# I need a full recording of an opera in an unusual language



## Shoshannah (Apr 21, 2011)

For the purposes of research in the domain of philosophy and reception theory, I need a complete recording of an opera in an unusual language (examples might include the Turkish _Özsoy_ (or _Fereydun_) by Ahmet Adnan Saygun, the Macedonian _Goce _ by Kiril Makedonski or the Sinhalese _Agni_ by Premasiri Khemadasa. Other examples can be found at http://en.wikipedia.org/wiki/Category:Operas_by_language).

What I mean by an unusual language is anything OTHER than the most popular European languages (German, French, Spanish, Italian, etc.), Russian, Polish or any other Slavonic language, Latin or Greek.

Unfortunately, YouTube "won't do it" - I need a full recording of one of those in an audio format.
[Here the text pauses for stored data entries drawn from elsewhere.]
(* Let $G$ be a group having a finite normal subgroup $F$ such that $G/F$ is a finitely generated abelian group. If for some prime $p$ the group $G$ is residually $\mathcal{F}_p$, then $G$ is conjugacy $\mathcal{F}_p$-separable.
   Context: $\mathcal{F}_p$ denotes the class of all finite $p$-groups. $G$ is residually $\mathcal{F}_p$ if for every non-identity $a\in G$ there is a homomorphism $\varphi$ of $G$ onto a finite $p$-group with $a\varphi\neq 1$. $G$ is conjugacy $\mathcal{F}_p$-separable if whenever $a,b\in G$ are not conjugate in $G$, there is a homomorphism $\varphi$ of $G$ onto a finite $p$-group $X$ such that $a\varphi$ and $b\varphi$ are not conjugate in $X$. *)

theory Defs
  imports "HOL-Algebra.Algebra"
begin

definition finite_p_group :: "('b, 'c) monoid_scheme \<Rightarrow> nat \<Rightarrow> bool" where
  "finite_p_group K p \<longleftrightarrow> group K \<and> finite (carrier K) \<and> (\<exists>n. card (carrier K) = p ^ n)"

text \<open>Target groups are taken with carrier type
  'a set: every homomorphic image of G is isomorphic to a quotient G Mod N, whose
  elements are of type 'a set, so this loses no generality.\<close>
definition residually_Fp :: "('a, 'c) monoid_scheme \<Rightarrow> nat \<Rightarrow> bool" where
  "residually_Fp G p \<longleftrightarrow>
     (\<forall>a \<in> carrier G. a \<noteq> \<one>\<^bsub>G\<^esub> \<longrightarrow>
        (\<exists>(K :: 'a set monoid) \<phi>. finite_p_group K p \<and> \<phi> \<in> hom G K \<and>
            \<phi> ` carrier G = carrier K \<and> \<phi> a \<noteq> \<one>\<^bsub>K\<^esub>))"

definition conjugate_in :: "('a, 'c) monoid_scheme \<Rightarrow> 'a \<Rightarrow> 'a \<Rightarrow> bool" where
  "conjugate_in G a b \<longleftrightarrow> (\<exists>g \<in> carrier G. b = g \<otimes>\<^bsub>G\<^esub> a \<otimes>\<^bsub>G\<^esub> inv\<^bsub>G\<^esub> g)"

definition conjugacy_Fp_separable :: "('a, 'c) monoid_scheme \<Rightarrow> nat \<Rightarrow> bool" where
  "conjugacy_Fp_separable G p \<longleftrightarrow>
     (\<forall>a \<in> carrier G. \<forall>b \<in> carrier G. \<not> conjugate_in G a b \<longrightarrow>
        (\<exists>(K :: 'a set monoid) \<phi>. finite_p_group K p \<and> \<phi> \<in> hom G K \<and>
            \<phi> ` carrier G = carrier K \<and> \<not> conjugate_in K (\<phi> a) (\<phi> b)))"

definition finitely_generated_group :: "('b, 'c) monoid_scheme \<Rightarrow> bool" where
  "finitely_generated_group H \<longleftrightarrow>
     (\<exists>S. finite S \<and> S \<subseteq> carrier H \<and> generate H S = carrier H)"

end

theory Submission
  imports Defs "HOL-Computational_Algebra.Primes"
begin

text \<open>Since \<open>G/F\<close> is abelian, every conjugate of \<open>a\<close> lies in the coset \<open>F a\<close>, so conjugacy
  classes of \<open>G\<close> are finite. In a residually
  \<open>\<F>\<^sub>p\<close> group with finite conjugacy classes, if \<open>b\<close> is not conjugate to \<open>a\<close>, the finitely many
  elements \<open>b c\<^sup>-\<^sup>1\<close> (\<open>c\<close> conjugate to \<open>a\<close>) are nontrivial. Intersecting the kernels that
  detect them gives one normal subgroup \<open>M\<close> of \<open>p\<close>-power index avoiding all of them, and then
  the images of \<open>a\<close> and \<open>b\<close> are not conjugate in the \<open>p\<close>-group \<open>G/M\<close>.\<close>

definition conjugacy_class :: "('a, 'c) monoid_scheme \<Rightarrow> 'a \<Rightarrow> 'a set" where
  "conjugacy_class G a = {g \<otimes>\<^bsub>G\<^esub> a \<otimes>\<^bsub>G\<^esub> inv\<^bsub>G\<^esub> g | g. g \<in> carrier G}"

definition Fp_normal_subgroup :: "('a, 'c) monoid_scheme \<Rightarrow> nat \<Rightarrow> 'a set \<Rightarrow> bool" where
  "Fp_normal_subgroup G p N \<longleftrightarrow> N \<lhd> G \<and> finite_p_group (G Mod N) p"

lemma conjugate_in_iff_conjugacy_class: "conjugate_in G a b \<longleftrightarrow> b \<in> conjugacy_class G a"
  by (auto simp: conjugate_in_def conjugacy_class_def)

lemma finite_p_group_subgroup:
  assumes "finite_p_group H p" and "Factorial_Ring.prime p" and "subgroup I H"
  shows "finite_p_group (H\<lparr>carrier := I\<rparr>) p"
proof -
  interpret H: group H using assms(1) by (simp add: finite_p_group_def)
  obtain n where n: "order H = p ^ n" and fin: "finite (carrier H)"
    using assms(1) by (auto simp: finite_p_group_def order_def)
  have "card I dvd p ^ n" using H.lagrange[OF assms(3)] n by (metis dvd_triv_right)
  then obtain m where "card I = p ^ m" using divides_primepow_nat[OF assms(2)] by blast
  moreover have "finite I" using fin subgroup.subset[OF assms(3)] finite_subset by blast
  ultimately show ?thesis
    using H.subgroup_imp_group[OF assms(3)] by (auto simp: finite_p_group_def)
qed

lemma finite_p_group_iso:
  assumes "group G" and "\<phi> \<in> iso G H" and "finite_p_group H p"
  shows "finite_p_group G p"
proof -
  have "G \<cong> H" using assms(2) by (auto simp: is_iso_def)
  then show ?thesis using assms iso_same_card iso_finite by (metis finite_p_group_def)
qed

lemma finite_p_group_DirProd:
  assumes "finite_p_group G p" and "finite_p_group H p"
  shows "finite_p_group (G \<times>\<times> H) p"
proof -
  obtain m n where "card (carrier G) = p ^ m" "card (carrier H) = p ^ n"
    using assms by (auto simp: finite_p_group_def)
  then have "card (carrier (G \<times>\<times> H)) = p ^ (m + n)"
    by (simp add: card_cartesian_product power_add)
  then show ?thesis using assms DirProd_group by (auto simp: finite_p_group_def)
qed

lemma (in normal) kernel_rcos_FactGroup: "kernel G (G Mod H) (\<lambda>x. H #> x) = H"
  using coset_join1[OF _ _ subgroup_axioms] rcos_const[OF is_group] subset
  by (auto simp: kernel_def)

lemma Fp_normal_subgroup_carrier:
  assumes "group G"
  shows "Fp_normal_subgroup G p (carrier G)"
proof -
  interpret group G by fact
  have "carrier (G Mod carrier G) = {carrier G}"
    using coset_join2[OF _ subgroup_self] by (auto simp: carrier_FactGroup)
  then show ?thesis
    using normal_self normal.factorgroup_is_group[OF normal_self]
    by (auto simp: Fp_normal_subgroup_def finite_p_group_def intro: exI[of _ 0])
qed

lemma Fp_normal_subgroup_kernel:
  assumes "group G" and "Factorial_Ring.prime p" and "finite_p_group H p" and "h \<in> hom G H"
  shows "Fp_normal_subgroup G p (kernel G H h)"
proof -
  interpret group_hom G H h
    using assms by (simp add: group_hom_def group_hom_axioms_def finite_p_group_def)
  let ?I = "H\<lparr>carrier := h ` carrier G\<rparr>"
  have I: "finite_p_group ?I p" using finite_p_group_subgroup[OF assms(3,2) img_is_subgroup] .
  interpret image: group_hom G ?I h
    using I assms(4) by (auto simp: group_hom_def group_hom_axioms_def finite_p_group_def hom_def)
  have "kernel G ?I h = kernel G H h" by (simp add: kernel_def)
  then have "(\<lambda>C. the_elem (h ` C)) \<in> iso (G Mod kernel G H h) ?I"
    using image.FactGroup_iso_set by simp
  then show ?thesis
    using finite_p_group_iso[OF normal.factorgroup_is_group[OF normal_kernel] _ I] normal_kernel
    by (simp add: Fp_normal_subgroup_def)
qed

lemma Fp_normal_subgroup_Int:
  assumes "group G" and "Factorial_Ring.prime p"
    and "Fp_normal_subgroup G p M" and "Fp_normal_subgroup G p N"
  shows "Fp_normal_subgroup G p (M \<inter> N)"
proof -
  interpret M: normal M G using assms(3) by (simp add: Fp_normal_subgroup_def)
  interpret N: normal N G using assms(4) by (simp add: Fp_normal_subgroup_def)
  let ?h = "\<lambda>x. (M #>\<^bsub>G\<^esub> x, N #>\<^bsub>G\<^esub> x)"
  have hom: "?h \<in> hom G ((G Mod M) \<times>\<times> (G Mod N))"
    unfolding hom_pairwise using M.r_coset_hom_Mod N.r_coset_hom_Mod by (simp add: comp_def)
  have fin: "finite_p_group ((G Mod M) \<times>\<times> (G Mod N)) p"
    using assms(3,4) finite_p_group_DirProd unfolding Fp_normal_subgroup_def by blast
  have ker: "kernel G ((G Mod M) \<times>\<times> (G Mod N)) ?h = M \<inter> N"
    using M.kernel_rcos_FactGroup N.kernel_rcos_FactGroup by (auto simp: kernel_def)
  show ?thesis using Fp_normal_subgroup_kernel[OF assms(1,2) fin hom] unfolding ker .
qed

lemma (in group) residually_Fp_avoid_finite:
  assumes "Factorial_Ring.prime p" and "residually_Fp G p"
    and "finite T" and "T \<subseteq> carrier G - {\<one>}"
  shows "\<exists>M. Fp_normal_subgroup G p M \<and> M \<inter> T = {}"
  using assms(3,4)
proof (induction T rule: finite_induct)
  case empty
  then show ?case using Fp_normal_subgroup_carrier[OF is_group] by blast
next
  case (insert t T)
  then obtain M where M: "Fp_normal_subgroup G p M" "M \<inter> T = {}" by blast
  obtain K :: "'a set monoid" and \<phi>
    where K: "finite_p_group K p" "\<phi> \<in> hom G K" "\<phi> t \<noteq> \<one>\<^bsub>K\<^esub>"
    using assms(2)[unfolded residually_Fp_def, rule_format, of t] insert.prems by blast
  have "Fp_normal_subgroup G p (kernel G K \<phi>)"
    using Fp_normal_subgroup_kernel[OF is_group assms(1) K(1,2)] .
  then have "Fp_normal_subgroup G p (M \<inter> kernel G K \<phi>)"
    using Fp_normal_subgroup_Int[OF is_group assms(1) M(1)] by blast
  moreover have "(M \<inter> kernel G K \<phi>) \<inter> insert t T = {}" using M(2) K(3) by (auto simp: kernel_def)
  ultimately show ?case by blast
qed

lemma (in normal) conjugate_in_FactGroup_imp:
  assumes "a \<in> carrier G" and "b \<in> carrier G"
    and "conjugate_in (G Mod H) (H #> a) (H #> b)"
  shows "\<exists>c \<in> conjugacy_class G a. b \<otimes> inv c \<in> H"
proof -
  obtain C where C: "C \<in> carrier (G Mod H)"
      "H #> b = C \<otimes>\<^bsub>G Mod H\<^esub> (H #> a) \<otimes>\<^bsub>G Mod H\<^esub> inv\<^bsub>G Mod H\<^esub> C"
    using assms(3) unfolding conjugate_in_def by blast
  then obtain g where g: "g \<in> carrier G" "C = H #> g" by (auto simp: carrier_FactGroup)
  let ?c = "g \<otimes> a \<otimes> inv g"
  have "H #> ?c = H #> b"
    using C g assms(1) by (simp add: inv_FactGroup rcos_inv rcos_sum)
  then have "b \<in> H #> ?c" by (rule repr_independenceD[OF subgroup_axioms assms(2)])
  then have "b \<otimes> inv ?c \<in> H" using rcos_module_imp[OF is_group] g assms(1) by simp
  moreover have "?c \<in> conjugacy_class G a" using g by (auto simp: conjugacy_class_def)
  ultimately show ?thesis by blast
qed

lemma (in normal) conjugacy_class_subset_rcos:
  assumes "comm_group (G Mod H)" and "a \<in> carrier G"
  shows "conjugacy_class G a \<subseteq> H #> a"
proof
  fix c assume "c \<in> conjugacy_class G a"
  then obtain g where g: "g \<in> carrier G" and c: "c = g \<otimes> a \<otimes> inv g"
    by (auto simp: conjugacy_class_def)
  interpret Q: comm_group "G Mod H" by fact
  have "H #> c = (H #> g) <#> (H #> a) <#> (H #> inv g)"
    using g assms(2) by (simp add: c rcos_sum)
  also have "\<dots> = (H #> a) <#> ((H #> g) <#> (H #> inv g))"
    using g assms(2) Q.m_comm Q.m_assoc
    by (metis (no_types, lifting) carrier_FactGroup image_eqI inv_closed mult_FactGroup)
  also have "\<dots> = H #> a"
    using g assms(2) by (simp add: rcos_sum coset_mult_assoc)
  finally show "c \<in> H #> a"
    using repr_independenceD[OF subgroup_axioms, of c a] g assms(2) c by simp
qed

theorem (in group) conjugacy_Fp_separable_if_finite_conjugacy_classes:
  assumes "Factorial_Ring.prime p" and "residually_Fp G p"
    and "\<And>a. a \<in> carrier G \<Longrightarrow> finite (conjugacy_class G a)"
  shows "conjugacy_Fp_separable G p"
  unfolding conjugacy_Fp_separable_def
proof (intro ballI impI)
  fix a b assume a: "a \<in> carrier G" and b: "b \<in> carrier G" and "\<not> conjugate_in G a b"
  then have "b \<notin> conjugacy_class G a" by (simp add: conjugate_in_iff_conjugacy_class)
  let ?T = "(\<lambda>c. b \<otimes> inv c) ` conjugacy_class G a"
  have T: "?T \<subseteq> carrier G - {\<one>}"
  proof
    fix t assume "t \<in> ?T"
    then obtain c where c: "c \<in> conjugacy_class G a" and t: "t = b \<otimes> inv c" by blast
    have "c \<in> carrier G" using c a by (auto simp: conjugacy_class_def)
    moreover have "c \<noteq> b" using c \<open>b \<notin> conjugacy_class G a\<close> by blast
    ultimately show "t \<in> carrier G - {\<one>}"
      using b by (simp add: t) (metis inv_closed inv_equality inv_inv)
  qed
  obtain M where M: "Fp_normal_subgroup G p M" "M \<inter> ?T = {}"
    using residually_Fp_avoid_finite[OF assms(1,2) finite_imageI[OF assms(3)[OF a]] T] by blast
  interpret normal M G using M(1) by (simp add: Fp_normal_subgroup_def)
  have "\<not> conjugate_in (G Mod M) (M #> a) (M #> b)"
    using conjugate_in_FactGroup_imp[OF a b] M(2) by blast
  moreover have "finite_p_group (G Mod M) p" using M(1) by (simp add: Fp_normal_subgroup_def)
  moreover have "(\<lambda>x. M #> x) ` carrier G = carrier (G Mod M)" by (simp add: carrier_FactGroup)
  ultimately show "\<exists>(K :: 'a set monoid) \<phi>. finite_p_group K p \<and> \<phi> \<in> hom G K \<and>
      \<phi> ` carrier G = carrier K \<and> \<not> conjugate_in K (\<phi> a) (\<phi> b)"
    using r_coset_hom_Mod by blast
qed

theorem proposition4:
  fixes G :: "('a, 'c) monoid_scheme" and F :: "'a set" and p :: nat
  assumes "group G"
    and "F \<lhd> G"
    and "finite F"
    and "comm_group (G Mod F)"
    and "finitely_generated_group (G Mod F)"
    and "Factorial_Ring.prime p"
    and "residually_Fp G p"
  shows "conjugacy_Fp_separable G p"
proof (rule group.conjugacy_Fp_separable_if_finite_conjugacy_classes[OF assms(1,6,7)])
  fix a assume "a \<in> carrier G"
  then have "conjugacy_class G a \<subseteq> F #>\<^bsub>G\<^esub> a"
    by (rule normal.conjugacy_class_subset_rcos[OF assms(2,4)])
  moreover have "finite (F #>\<^bsub>G\<^esub> a)" using assms(3) by (simp add: r_coset_def)
  ultimately show "finite (conjugacy_class G a)" by (rule finite_subset)
qed

end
I would greatly appreciate any help. Maybe some of you are in possession of such CDs or files?


----------



## Almaviva (Aug 13, 2010)

Won't Finnish or Czech do? You can find operas in these languages available to be purchased from Amazon.com.


----------



## superhorn (Mar 23, 2010)

Try the excellent Devcca recording of the delightful,madcap comic opera 
"Maskarade" by Denmark's greatest composer Carl Nielsen, on Decca,
conducted by UlF Schirmer. It has an all Scandinavian cast singing in the original Danish.
I'm not sure if it's still available, but check arkivmusic.com, by far the best place on the internet for hard to find classical CDs and DVDs . Their overall selection is unsurpassed.

Nielsen's other opera is "Saul & David", based on the Bible, and is a much more serious and dramatic work. I'm not sure if the excellent Chandos recording copnducted by Neeme Jarvi ,with the late bass Aage Haugland as king Saul is still available, but you can also check arkivmusic.com.
They're both wonderful operas, and deserve to be better known.


----------